TASK STATEMENT: From the data below, set down exactly the lines between the one holding "unfolding spanned_def using" and the one holding "Q = 1\<^sub>m", inclusive, and no others.

Stored items
lemma card_ball_ge_power:
  assumes G: "t_hypergraph 2 W E" and v: "v \<in> W"
    and deg: "\<forall>w\<in>W. c + 1 \<le> degree E w"
    and sparse: "\<forall>i\<le>j. spanned E (ball E v i) \<le> card (ball E v i)"
  shows "c ^ j \<le> card (ball E v j)"
  using sparse
proof (induction j)
  case (Suc j)
  define B where "B = ball E v j"
  have BW: "B \<subseteq> W" using ball_subset[OF G v] B_def by auto
  have "(c + 1) * card B \<le> (\<Sum>w\<in>B. degree E w)"
    using sum_bounded_below[of B "c + 1" "degree E"] deg BW by (auto simp: mult.commute)
  also have "\<dots> \<le> spanned E B + spanned E (closed_nbh E B)"
    using t_hypergraph_edge[OF G] finite_ball[OF G v] unfolding B_def closed_nbh_def
    by (intro sum_degree_le_spanned) auto
  also have "\<dots> \<le> card B + card (closed_nbh E B)"
    using Suc.prems B_def ball_Suc[of E v j] by (metis add_le_mono le_Suc_eq order_refl)
  finally have "c * card B \<le> card (closed_nbh E B)" by simp
  then show ?case using Suc B_def ball_Suc[of E v j]
    by (metis le_SucI mult_le_mono2 order_trans power_Suc)
qed simp

lemma closed_nbh_diff_edge:
  assumes G: "t_hypergraph 2 W E" and w: "w \<in> closed_nbh E B - B"
  shows "\<exists>u\<in>B. {w, u} \<in># E"
proof -
  obtain e where e: "e \<in># E" "w \<in> e" and "e \<inter> B \<noteq> {}" using w unfolding closed_nbh_def by auto
  then obtain u where u: "u \<in> e" "u \<in> B" by auto
  have "u \<noteq> w" using u w by auto
  then have "{w, u} \<subseteq> e" "card {w, u} = 2" using u e by auto
  moreover have "finite e" "card e \<le> 2" using t_hypergraph_edge[OF G e(1)] by auto
  ultimately have "{w, u} = e" by (metis card_subset_eq le_antisym card_mono)
  then show ?thesis using u e by auto
qed

text \<open>\<open>S\<close> stands for the union of the tree paths, each of length at most \<open>j\<close>, from the
  vertices of \<open>X\<close> to the root \<open>v\<close>.\<close>
definition connects_to_root :: "'a set multiset \<Rightarrow> 'a \<Rightarrow> 'a set \<Rightarrow> nat \<Rightarrow> bool" where
  "connects_to_root T v B j \<longleftrightarrow> (\<forall>X \<subseteq> B. \<exists>S. X \<subseteq> S \<and> v \<in> S \<and> S \<subseteq> B \<and>
     card S \<le> 1 + card X * j \<and> card S \<le> spanned T S + 1)"

lemma connects_to_root_extend:
  assumes T: "connects_to_root T v B j" and fin: "finite B" "finite N" and disj: "B \<inter> N = {}"
    and p: "\<forall>w\<in>N. p w \<in> B"
  shows "connects_to_root (T + mset_set ((\<lambda>w. {w, p w}) ` N)) v (B \<union> N) (Suc j)"
proof -
  define pe where "pe w = {w, p w}" for w
  have inj: "inj_on pe N"
  proof (rule inj_onI)
    fix w w' assume w: "w \<in> N" "w' \<in> N" "pe w = pe w'"
    then have "w \<in> {w', p w'}" by (auto simp: pe_def)
    moreover have "w \<noteq> p w'" using p disj w by auto
    ultimately show "w = w'" by auto
  qed
  have "connects_to_root (T + mset_set (pe ` N)) v (B \<union> N) (Suc j)"
    unfolding connects_to_root_def
  proof (intro allI impI)
    fix X assume X: "X \<subseteq> B \<union> N"
    define X1 where "X1 = X \<inter> B"
    define X2 where "X2 = X - B"
    have X2N: "X2 \<subseteq> N" using X X2_def by auto
    have fX: "finite X1" "finite X2"
      using finite_subset[OF _ fin(1)] finite_subset[OF X2N fin(2)] X1_def by auto
    have "X = X1 \<union> X2" "X1 \<inter> X2 = {}" by (auto simp: X1_def X2_def)
    then have cX: "card X = card X1 + card X2" using fX by (simp add: card_Un_disjoint)
    have "X1 \<union> p ` X2 \<subseteq> B" using X1_def p X2N by auto
    from T[unfolded connects_to_root_def, rule_format, OF this] obtain S' where S':
      "X1 \<union> p ` X2 \<subseteq> S'" "v \<in> S'" "S' \<subseteq> B"
      "card S' \<le> 1 + card (X1 \<union> p ` X2) * j" "card S' \<le> spanned T S' + 1"
      by blast
    have "card (X1 \<union> p ` X2) \<le> card X"
      using cX card_Un_le[of X1 "p ` X2"] card_image_le[OF fX(2), of p] by linarith
    then have "card (X1 \<union> p ` X2) * j \<le> card X * j" by (rule mult_le_mono1)
    then have cS': "card S' \<le> 1 + card X * j" using S'(4) by linarith
    define S where "S = S' \<union> X2"
    have "finite S'" "S' \<inter> X2 = {}" using finite_subset[OF S'(3) fin(1)] S'(3) X2_def by auto
    then have cS: "card S = card S' + card X2" using fX(2) S_def by (simp add: card_Un_disjoint)
    have "pe ` X2 \<subseteq> {e \<in> pe ` N. e \<subseteq> S}" using X2N S' S_def pe_def by auto
    then have "card (pe ` X2) \<le> card {e \<in> pe ` N. e \<subseteq> S}" using fin(2) by (intro card_mono) auto
    moreover have "card (pe ` X2) = card X2" using inj X2N by (metis card_image inj_on_subset)
    ultimately have "card X2 \<le> spanned (mset_set (pe ` N)) S"
      unfolding spanned_def using fin(2) by simp
    moreover have "spanned T S' \<le> spanned T S" unfolding S_def by (intro spanned_mono) auto
    ultimately have "card S \<le> spanned (T + mset_set (pe ` N)) S + 1"
      using cS S'(5) by (simp add: spanned_union)
    moreover have "card S \<le> 1 + card X * Suc j" using cS cX cS' by simp
    moreover have "X \<subseteq> S" "S \<subseteq> B \<union> N" using S' X1_def X2_def S_def X2N by auto
    ultimately show "\<exists>S. X \<subseteq> S \<and> v \<in> S \<and> S \<subseteq> B \<union> N \<and> card S \<le> 1 + card X * Suc j
        \<and> card S \<le> spanned (T + mset_set (pe ` N)) S + 1"
      using S'(2) S_def by blast
  qed
  then show ?thesis by (simp add: pe_def[abs_def])
qed
lemma symmetric_matrix_eigenbasis:
  fixes A :: "real mat"
  assumes A: "A \<in> carrier_mat n n" and sym: "\<And>i j. i < n \<Longrightarrow> j < n \<Longrightarrow> A $$ (i,j) = A $$ (j,i)"
  obtains p q ev where "sym_eigenbasis n (\<lambda>u w. A $$ (u,w)) p q ev"
    and "\<And>x. order x (char_poly A) = card {i. i < n \<and> ev i = x}"
proof -
  obtain P Q :: "complex mat" and cs :: "complex list"
    where PQ: "P \<in> carrier_mat n n" "Q \<in> carrier_mat n n" "P * Q = 1\<^sub>m n" "Q * P = 1\<^sub>m n"
    and len: "length cs = n"
    and AP: "map_mat of_real A * P = P * mat n n (\<lambda>(i,j). if i = j then cs ! i else 0)"
    and order_cs: "\<And>x. order x (char_poly (map_mat of_real A)) = length (filter ((=) x) cs)"
    using symmetric_matrix_diagonalizable[OF A sym] by blast
  have left: "(\<Sum>u<n. Q $$ (i,u) * P $$ (u,j)) = (if i = j then 1 else 0)" if "i < n" "j < n" for i j
    using index_mult_mat_sum[OF PQ(2,1) that] PQ(4) that by simp
  have right: "(\<Sum>i<n. P $$ (u,i) * Q $$ (i,w)) = (if u = w then 1 else 0)" if "u < n" "w < n" for u w
    using index_mult_mat_sum[OF PQ(1,2) that] PQ(3) that by simp
  have eigen: "(\<Sum>w<n. of_real (A $$ (u,w)) * P $$ (w,i)) = cs ! i * P $$ (u,i)"
    if "i < n" "u < n" for i u
  proof -
    have "(\<Sum>w<n. of_real (A $$ (u,w)) * P $$ (w,i)) = (map_mat of_real A * P) $$ (u,i)"
      using index_mult_mat_sum[of "map_mat of_real A" n P u i] that PQ(1) A by simp
    also have "\<dots> = (\<Sum>k<n. P $$ (u,k) * (if k = i then cs ! k else 0))"
      unfolding AP using that PQ(1) by (simp add: scalar_prod_def lessThan_atLeast0)
    also have "\<dots> = cs ! i * P $$ (u,i)"
      using that by (simp add: if_distrib[of "\<lambda>x. _ * x"] sum.delta' cong: if_cong)
    finally show ?thesis .
  qed
  have cs_real: "Im (cs ! i) = 0" if i: "i < n" for i
  proof (rule symmetric_eigenvalue_real[of n "\<lambda>u w. A $$ (u,w)" "\<lambda>u. P $$ (u,i)"])
    show "\<exists>u<n. P $$ (u, i) \<noteq> 0"
    proof (rule ccontr)
      assume "\<not> (\<exists>u<n. P $$ (u, i) \<noteq> 0)"
      hence "(\<Sum>u<n. Q $$ (i,u) * P $$ (u,i)) = 0" by simp
      with left[OF i i] show False by simp
    qed
  qed (use sym eigen i in auto)
  define ev where "ev i = Re (cs ! i)" for i
  have cs_ev: "cs ! i = of_real (ev i)" if "i < n" for i
    using cs_real[OF that] by (simp add: ev_def complex_eq_iff)
  have "sym_eigenbasis n (\<lambda>u w. A $$ (u,w)) (\<lambda>i u. P $$ (u,i)) (\<lambda>i u. Q $$ (i,u)) ev"
    by unfold_locales (simp_all add: sym left right eigen cs_ev)
  moreover have "order x (char_poly A) = card {i. i < n \<and> ev i = x}" for x
  proof -
    have "order x (char_poly A) = card {i. i < length cs \<and> of_real x = cs ! i}"
      by (simp only: order_char_poly_of_real[OF A, symmetric] order_cs length_filter_conv_card)
    also have "{i. i < length cs \<and> of_real x = cs ! i} = {i. i < n \<and> ev i = x}"
      using cs_ev len by auto
    finally show ?thesis .
  qed
  ultimately show thesis by (rule that)
qed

WRITTEN RESPONSE:
      unfolding spanned_def using fin(2) by simp
    moreover have "spanned T S' \<le> spanned T S" unfolding S_def by (intro spanned_mono) auto
    ultimately have "card S \<le> spanned (T + mset_set (pe ` N)) S + 1"
      using cS S'(5) by (simp add: spanned_union)
    moreover have "card S \<le> 1 + card X * Suc j" using cS cX cS' by simp
    moreover have "X \<subseteq> S" "S \<subseteq> B \<union> N" using S' X1_def X2_def S_def X2N by auto
    ultimately show "\<exists>S. X \<subseteq> S \<and> v \<in> S \<and> S \<subseteq> B \<union> N \<and> card S \<le> 1 + card X * Suc j
        \<and> card S \<le> spanned (T + mset_set (pe ` N)) S + 1"
      using S'(2) S_def by blast
  qed
  then show ?thesis by (simp add: pe_def[abs_def])
qed
lemma symmetric_matrix_eigenbasis:
  fixes A :: "real mat"
  assumes A: "A \<in> carrier_mat n n" and sym: "\<And>i j. i < n \<Longrightarrow> j < n \<Longrightarrow> A $$ (i,j) = A $$ (j,i)"
  obtains p q ev where "sym_eigenbasis n (\<lambda>u w. A $$ (u,w)) p q ev"
    and "\<And>x. order x (char_poly A) = card {i. i < n \<and> ev i = x}"
proof -
  obtain P Q :: "complex mat" and cs :: "complex list"
    where PQ: "P \<in> carrier_mat n n" "Q \<in> carrier_mat n n" "P * Q = 1\<^sub>m n" "Q * P = 1\<^sub>m n"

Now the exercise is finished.